Entering the challenge

Some languages have special instructions but in general here's what you can expect:

  1. Create a fork of the 1BRC repository for your language on your own GitHub profile. This will let you submit your solution via a pull request.

  2. Somehow create a new implementation file in the repository. This will vary by language. For example in JavaScript you might create a new src/<username>.js file while in C++ you might make a new src/<username>.cpp file. It's recommended to copy the default reference solution to get started and then modify it from there.

  3. Make that implementation fast. Really fast.

  4. Test & benchmark your solution! There's usually language-specific instructions on how to do this but in general you run <some-command> bench <username> to run your solution against the reference implementation. If you see any differences, fix them before submitting your implementation.

  5. Create a pull request against the upstream repository! 🎉 There's usually some additional instructions in the Pull Request template on information you should include like how long it took on your computer and your computer's specs.

  6. Someone or some robot will run your solution "officially" on the same hardware as everyone else's solution (so no hardware differences) and report the results. If you're the fastest, you win! 🏆 If not, you'll still probably go on the leaderboard. 🥉

If you'd like to discuss any potential ideas for implementing 1BRC with the community, you can use the GitHub Discussions of this @1brc GitHub organization or the language-specific repository discussions. Please keep it friendly and civil.

Prize 🎁

If you enter this challenge, you may learn something new, get to inspire others, and take pride in seeing your name listed in the scoreboard above. Rumor has it that the winner of the Java competition (the original challenge language) may receive a unique 1️⃣🐝🏎️ t-shirt, too!

FAQ

Make sure you check your language-specific FAQ as well. 😉

What is the encoding of the measurements.txt file?

The file is encoded as UTF-8.

Can I make assumptions on the names of the weather stations showing up in the data set?

No. While only a fixed set of station names is used by the data set generator, any solution should work with arbitrary UTF-8 station names.

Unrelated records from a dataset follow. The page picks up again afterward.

(* For integers $n\ge2$ and $r\ge2$, the windmill graph $W(n,r)$ admits a weak IASI and its sparing number is $\varphi(W(n,r))=\frac{r}{2}(n-1)(n-2)$.
   Context: The windmill graph $W(n,r)$ ($n\ge2$, $r\ge2$) is obtained by taking $r$ copies of the complete graph $K_n$ and identifying one vertex from each copy into a single shared vertex. Let $\mathbb{N}_0$ be the set of non-negative integers; for $A,B\subseteq\mathbb{N}_0$, $A+B=\{a+b:a\in A,b\in B\}$. An integer additive set-indexer (IASI) of a graph $G$ is an injective map $f:V(G)\to\mathcal{P}(\mathbb{N}_0)$ such that $f^+:E(G)\to\mathcal{P}(\mathbb{N}_0)$, $f^+(uv)=f(u)+f(v)$, is injective. A weak IASI is an IASI with $|f^+(uv)|=\max(|f(u)|,|f(v)|)$ for every edge $uv$. An edge $e$ is mono-indexed if $|f^+(e)|=1$. The sparing number $\varphi(G)$ is the minimum number of mono-indexed edges over all weak IASIs of $G$. *)

theory Defs
  imports Complex_Main
begin

definition sumset :: "nat set \<Rightarrow> nat set \<Rightarrow> nat set" where
  "sumset A B = {a + b | a b. a \<in> A \<and> b \<in> B}"

text \<open>A simple graph is given by a vertex set V and a symmetric irreflexive adjacency
  relation adj (on V).\<close>

definition iasi :: "'v set \<Rightarrow> ('v \<Rightarrow> 'v \<Rightarrow> bool) \<Rightarrow> ('v \<Rightarrow> nat set) \<Rightarrow> bool" where
  "iasi V adj f \<longleftrightarrow>
     (\<forall>v\<in>V. finite (f v) \<and> f v \<noteq> {}) \<and>
     inj_on f V \<and>
     (\<forall>u v x y. adj u v \<longrightarrow> adj x y \<longrightarrow>
        sumset (f u) (f v) = sumset (f x) (f y) \<longrightarrow> {u, v} = {x, y})"

definition weak_iasi :: "'v set \<Rightarrow> ('v \<Rightarrow> 'v \<Rightarrow> bool) \<Rightarrow> ('v \<Rightarrow> nat set) \<Rightarrow> bool" where
  "weak_iasi V adj f \<longleftrightarrow> iasi V adj f \<and>
     (\<forall>u v. adj u v \<longrightarrow> card (sumset (f u) (f v)) = max (card (f u)) (card (f v)))"

definition mono_edges :: "('v \<Rightarrow> 'v \<Rightarrow> bool) \<Rightarrow> ('v \<Rightarrow> nat set) \<Rightarrow> nat" where
  "mono_edges adj f = card {{u, v} | u v. adj u v \<and> card (sumset (f u) (f v)) = 1}"

definition sparing_number :: "'v set \<Rightarrow> ('v \<Rightarrow> 'v \<Rightarrow> bool) \<Rightarrow> nat" where
  "sparing_number V adj = Inf {mono_edges adj f | f. weak_iasi V adj f}"

text \<open>Windmill graph W(n,r): centre (0,0); vertex (i,j), 1 \<le> i \<le> r, 1 \<le> j \<le> n-1,
  is the j-th non-shared vertex of the i-th copy of K_n.\<close>
definition windmill_V :: "nat \<Rightarrow> nat \<Rightarrow> (nat \<times> nat) set" where
  "windmill_V n r = insert (0, 0) ({1..r} \<times> {1..n - 1})"

definition windmill_adj :: "nat \<Rightarrow> nat \<Rightarrow> nat \<times> nat \<Rightarrow> nat \<times> nat \<Rightarrow> bool" where
  "windmill_adj n r u v \<longleftrightarrow> u \<in> windmill_V n r \<and> v \<in> windmill_V n r \<and> u \<noteq> v \<and>
     (fst u = fst v \<or> fst u = 0 \<or> fst v = 0)"

end

theory Submission
  imports Defs "HOL-Library.Nat_Bijection"
begin

(* Adjacent vertices of a weak IASI cannot both carry labels with two or more elements, since
   |A + B| > |A| whenever |B| \<ge> 2. Hence each of the r copies of K_n has at least n - 1 vertices
   with singleton labels, and the C(n-1, 2) edges among them are mono-indexed; distinct copies
   share only the centre, so these edge sets are disjoint. Conversely, labelling the centre by
   {0, 1} and the other vertices by distinct powers of two gives a weak IASI whose mono-indexed
   edges are exactly those avoiding the centre: the largest element of each edge sumset is a sum
   of two distinct powers of two, and its binary digits identify the edge. *)

lemma finite_sumset:
  assumes "finite A" "finite B"
  shows "finite (sumset A B)"
proof -
  have "sumset A B = (\<lambda>(a, b). a + b) ` (A \<times> B)"
    unfolding sumset_def by auto
  then show ?thesis
    using assms by simp
qed

lemma sumset_commute: "sumset A B = sumset B A"
  unfolding sumset_def by (metis add.commute)

lemma sumset_singleton [simp]: "sumset {a} {b} = {a + b}"
  unfolding sumset_def by auto

lemma sumset_01_singleton [simp]: "sumset {0, 1} {x} = {x, x + 1}"
  unfolding sumset_def by auto

lemma sumset_singleton_01 [simp]: "sumset {x} {0, 1} = {x, x + 1}"
  unfolding sumset_def by auto

lemma card_sumset_gt:
  assumes "finite A" "A \<noteq> {}" "finite B" "card B \<ge> 2"
  shows "card A < card (sumset A B)"
proof -
  have "B \<noteq> {}" using assms(4) by auto
  have "Min B \<noteq> Max B"
  proof
    assume "Min B = Max B"
    then have "B \<subseteq> {Min B}"
      using assms(3) by (metis Max_ge Min_le antisym insert_iff subsetI)
    then show False
      using assms(4) card_mono[of "{Min B}" B] by simp
  qed
  then have lt: "Min B < Max B"
    using assms(3) \<open>B \<noteq> {}\<close> by (simp add: order_less_le)
  have new: "Max A + Max B \<notin> (\<lambda>a. a + Min B) ` A"
    using assms(1) lt by (auto dest: Max_ge)
  have "insert (Max A + Max B) ((\<lambda>a. a + Min B) ` A) \<subseteq> sumset A B"
    using Max_in[OF assms(1,2)] Max_in[OF assms(3) \<open>B \<noteq> {}\<close>] Min_in[OF assms(3) \<open>B \<noteq> {}\<close>]
    unfolding sumset_def by blast
  then have "card (insert (Max A + Max B) ((\<lambda>a. a + Min B) ` A)) \<le> card (sumset A B)"
    by (intro card_mono finite_sumset assms)
  then show ?thesis
    using new assms(1) by (simp add: card_image)
qed

lemma bits_two_powers:
  assumes "a \<noteq> b"
  shows "{k. bit ((2::nat) ^ a + 2 ^ b) k} = {a, b}"
  using assms by (auto simp: bit_disjunctive_add_iff bit_exp_iff)

lemma two_powers_sum_eqD:
  assumes "(2::nat) ^ a + 2 ^ b = 2 ^ c + 2 ^ d" "a \<noteq> b" "c \<noteq> d"
  shows "{a, b} = {c, d}"
  using bits_two_powers[OF assms(2)] bits_two_powers[OF assms(3)] assms(1) by simp

definition two_subsets :: "'a set \<Rightarrow> 'a set set" where
  "two_subsets S = {A. A \<subseteq> S \<and> card A = 2}"

lemma card_UN_two_subsets:
  assumes "finite I" "\<And>i. i \<in> I \<Longrightarrow> finite (T i) \<and> card (T i) = m"
    and "\<And>i k. i \<in> I \<Longrightarrow> k \<in> I \<Longrightarrow> i \<noteq> k \<Longrightarrow> card (T i \<inter> T k) \<le> 1"
  shows "card (\<Union>i\<in>I. two_subsets (T i)) = card I * (m choose 2)"
proof -
  have "two_subsets (T i) \<inter> two_subsets (T k) = {}" if "i \<in> I" "k \<in> I" "i \<noteq> k" for i k
  proof -
    have "\<not> A \<subseteq> T i \<inter> T k" if "card A = 2" for A
      using assms(2,3) \<open>i \<in> I\<close> \<open>k \<in> I\<close> \<open>i \<noteq> k\<close> that card_mono[of "T i \<inter> T k" A]
      by fastforce
    then show ?thesis unfolding two_subsets_def by blast
  qed
  moreover have "finite (two_subsets (T i)) \<and> card (two_subsets (T i)) = m choose 2"
    if "i \<in> I" for i
    using assms(2)[OF that] n_subsets[of "T i" 2] unfolding two_subsets_def by simp
  ultimately show ?thesis
    using assms(1) by (simp add: card_UN_disjoint)
qed

definition mono_edge_set :: "('v \<Rightarrow> 'v \<Rightarrow> bool) \<Rightarrow> ('v \<Rightarrow> nat set) \<Rightarrow> 'v set set" where
  "mono_edge_set adj f = {{u, v} | u v. adj u v \<and> card (sumset (f u) (f v)) = 1}"

lemma mono_edges_eq_card: "mono_edges adj f = card (mono_edge_set adj f)"
  unfolding mono_edges_def mono_edge_set_def ..

lemma finite_mono_edge_set:
  assumes "finite V" "\<And>u v. adj u v \<Longrightarrow> u \<in> V \<and> v \<in> V"
  shows "finite (mono_edge_set adj f)"
proof (rule finite_subset)
  show "mono_edge_set adj f \<subseteq> Pow V"
    unfolding mono_edge_set_def using assms(2) by blast
qed (use assms(1) in simp)

lemma sparing_number_eqI:
  assumes "weak_iasi V adj f" "mono_edges adj f = m"
    and "\<And>g. weak_iasi V adj g \<Longrightarrow> m \<le> mono_edges adj g"
  shows "sparing_number V adj = m"
  unfolding sparing_number_def using assms by (intro cInf_eq_minimum) auto

lemma weak_iasi_adj_card_eq_1:
  assumes "weak_iasi V adj f" "adj u v" "u \<in> V" "v \<in> V"
  shows "card (f u) = 1 \<or> card (f v) = 1"
proof (rule ccontr)
  assume "\<not> (card (f u) = 1 \<or> card (f v) = 1)"
  then have neither: "card (f u) \<noteq> 1" "card (f v) \<noteq> 1"
    by simp_all
  have fin: "finite (f x)" "f x \<noteq> {}" if "x \<in> V" for x
    using assms(1) that unfolding weak_iasi_def iasi_def by auto
  have two: "card (f x) \<ge> 2" if "x \<in> V" "card (f x) \<noteq> 1" for x
  proof -
    have "card (f x) \<noteq> 0"
      using fin[OF that(1)] by simp
    with that(2) show ?thesis by linarith
  qed
  have "card (f u) < card (sumset (f u) (f v))"
    using card_sumset_gt[OF fin[OF assms(3)] fin(1)[OF assms(4)] two[OF assms(4) neither(2)]] .
  moreover have "card (f v) < card (sumset (f u) (f v))"
    using card_sumset_gt[OF fin[OF assms(4)] fin(1)[OF assms(3)] two[OF assms(3) neither(1)]]
    by (simp only: sumset_commute)
  moreover have "card (sumset (f u) (f v)) = max (card (f u)) (card (f v))"
    using assms(1,2) unfolding weak_iasi_def by blast
  ultimately show False
    by linarith
qed

lemma weak_iasi_clique_card_eq_1:
  assumes "weak_iasi V adj f" "K \<subseteq> V" "K \<noteq> {}" "\<And>u v. u \<in> K \<Longrightarrow> v \<in> K \<Longrightarrow> u \<noteq> v \<Longrightarrow> adj u v"
  obtains w where "w \<in> K" "\<And>v. v \<in> K - {w} \<Longrightarrow> card (f v) = 1"
proof (cases "\<exists>w\<in>K. card (f w) \<noteq> 1")
  case True
  then obtain w where "w \<in> K" "card (f w) \<noteq> 1" by blast
  then show ?thesis
    using that weak_iasi_adj_card_eq_1[OF assms(1)] assms(2,4) by blast
next
  case False
  then show ?thesis using that assms(3) by blast
qed

lemma two_subsets_subset_mono_edge_set:
  assumes "\<And>u v. u \<in> S \<Longrightarrow> v \<in> S \<Longrightarrow> u \<noteq> v \<Longrightarrow> adj u v"
    and "\<And>v. v \<in> S \<Longrightarrow> card (f v) = 1"
  shows "two_subsets S \<subseteq> mono_edge_set adj f"
proof
  fix A assume "A \<in> two_subsets S"
  then obtain u v where A: "A = {u, v}" "u \<noteq> v" "u \<in> S" "v \<in> S"
    unfolding two_subsets_def by (auto simp: card_2_iff)
  then obtain a b where "f u = {a}" "f v = {b}"
    using assms(2) by (meson card_1_singletonE)
  then have "card (sumset (f u) (f v)) = 1"
    by simp
  then show "A \<in> mono_edge_set adj f"
    unfolding mono_edge_set_def using A assms(1) by blast
qed

lemma weak_iasi_clique_mono_edges:
  assumes "weak_iasi V adj f" "K \<subseteq> V" "K \<noteq> {}"
    and "\<And>u v. u \<in> K \<Longrightarrow> v \<in> K \<Longrightarrow> u \<noteq> v \<Longrightarrow> adj u v"
  obtains w where "w \<in> K" "two_subsets (K - {w}) \<subseteq> mono_edge_set adj f"
proof -
  obtain w where "w \<in> K" "\<And>v. v \<in> K - {w} \<Longrightarrow> card (f v) = 1"
    using weak_iasi_clique_card_eq_1[OF assms] by blast
  moreover have "two_subsets (K - {w}) \<subseteq> mono_edge_set adj f"
    by (rule two_subsets_subset_mono_edge_set) (use assms(4) calculation(2) in blast)+
  ultimately show thesis
    using that by blast
qed

definition pow2_labelling :: "'v \<Rightarrow> ('v \<Rightarrow> nat) \<Rightarrow> 'v \<Rightarrow> nat set" where
  "pow2_labelling c e v = (if v = c then {0, 1} else {2 ^ e v})"

lemma card_pow2_labelling: "card (pow2_labelling c e v) = (if v = c then 2 else 1)"
  by (simp add: pow2_labelling_def)

lemma sumset_pow2_labelling:
  assumes "u \<noteq> v"
  shows "sumset (pow2_labelling c e u) (pow2_labelling c e v) =
    (if u = c then {2 ^ e v, 2 ^ e v + 1} else if v = c then {2 ^ e u, 2 ^ e u + 1}
     else {2 ^ e u + 2 ^ e v})"
  using assms by (cases "u = c") (simp_all add: pow2_labelling_def del: One_nat_def)

lemma card_sumset_pow2_labelling:
  assumes "u \<noteq> v"
  shows "card (sumset (pow2_labelling c e u) (pow2_labelling c e v)) = (if u = c \<or> v = c then 2 else 1)"
  using assms by (simp add: sumset_pow2_labelling)

(* With e c = 0 the centre contributes 2 ^ e c = 1, so the formula also covers edges at c. *)
lemma Max_sumset_pow2_labelling:
  assumes "u \<noteq> v" "e c = 0"
  shows "Max (sumset (pow2_labelling c e u) (pow2_labelling c e v)) = 2 ^ e u + 2 ^ e v"
  using assms by (simp add: sumset_pow2_labelling)

lemma inj_on_pow2_labelling:
  assumes "inj_on e V"
  shows "inj_on (pow2_labelling c e) V"
proof (rule inj_onI)
  fix u v assume "u \<in> V" "v \<in> V" "pow2_labelling c e u = pow2_labelling c e v"
  moreover have "u = c \<longleftrightarrow> v = c"
    using arg_cong[OF \<open>pow2_labelling c e u = pow2_labelling c e v\<close>, of card]
    by (simp add: card_pow2_labelling split: if_splits)
  ultimately show "u = v"
    using inj_on_eq_iff[OF assms] by (auto simp: pow2_labelling_def split: if_splits)
qed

For the sake of simplicity, names are guaranteed to contain no ; character.

Can I copy code from other submissions?

Yes, you can. The primary focus of the challenge is about learning something new, rather than "winning". When you do so, please give credit to the relevant source submissions. Please don't re-submit other entries with no or only trivial improvements.

My solution runs in 2 sec on my machine. Am I the fastest 1BRC-er in the world?

Probably not. 😊 1BRC results are reported in wallclock time, thus results of different implementations are only comparable when obtained on the same machine. If for instance an implementation is faster on a 32 core workstation than on the 8 core evaluation instance, this doesn't allow for any conclusions. When sharing 1BRC results, you should also always share the result of running the baseline implementation on the same hardware.

Why 1️⃣🐝🏎️?

It's the abbreviation of the project name: the One Billion Row Challenge.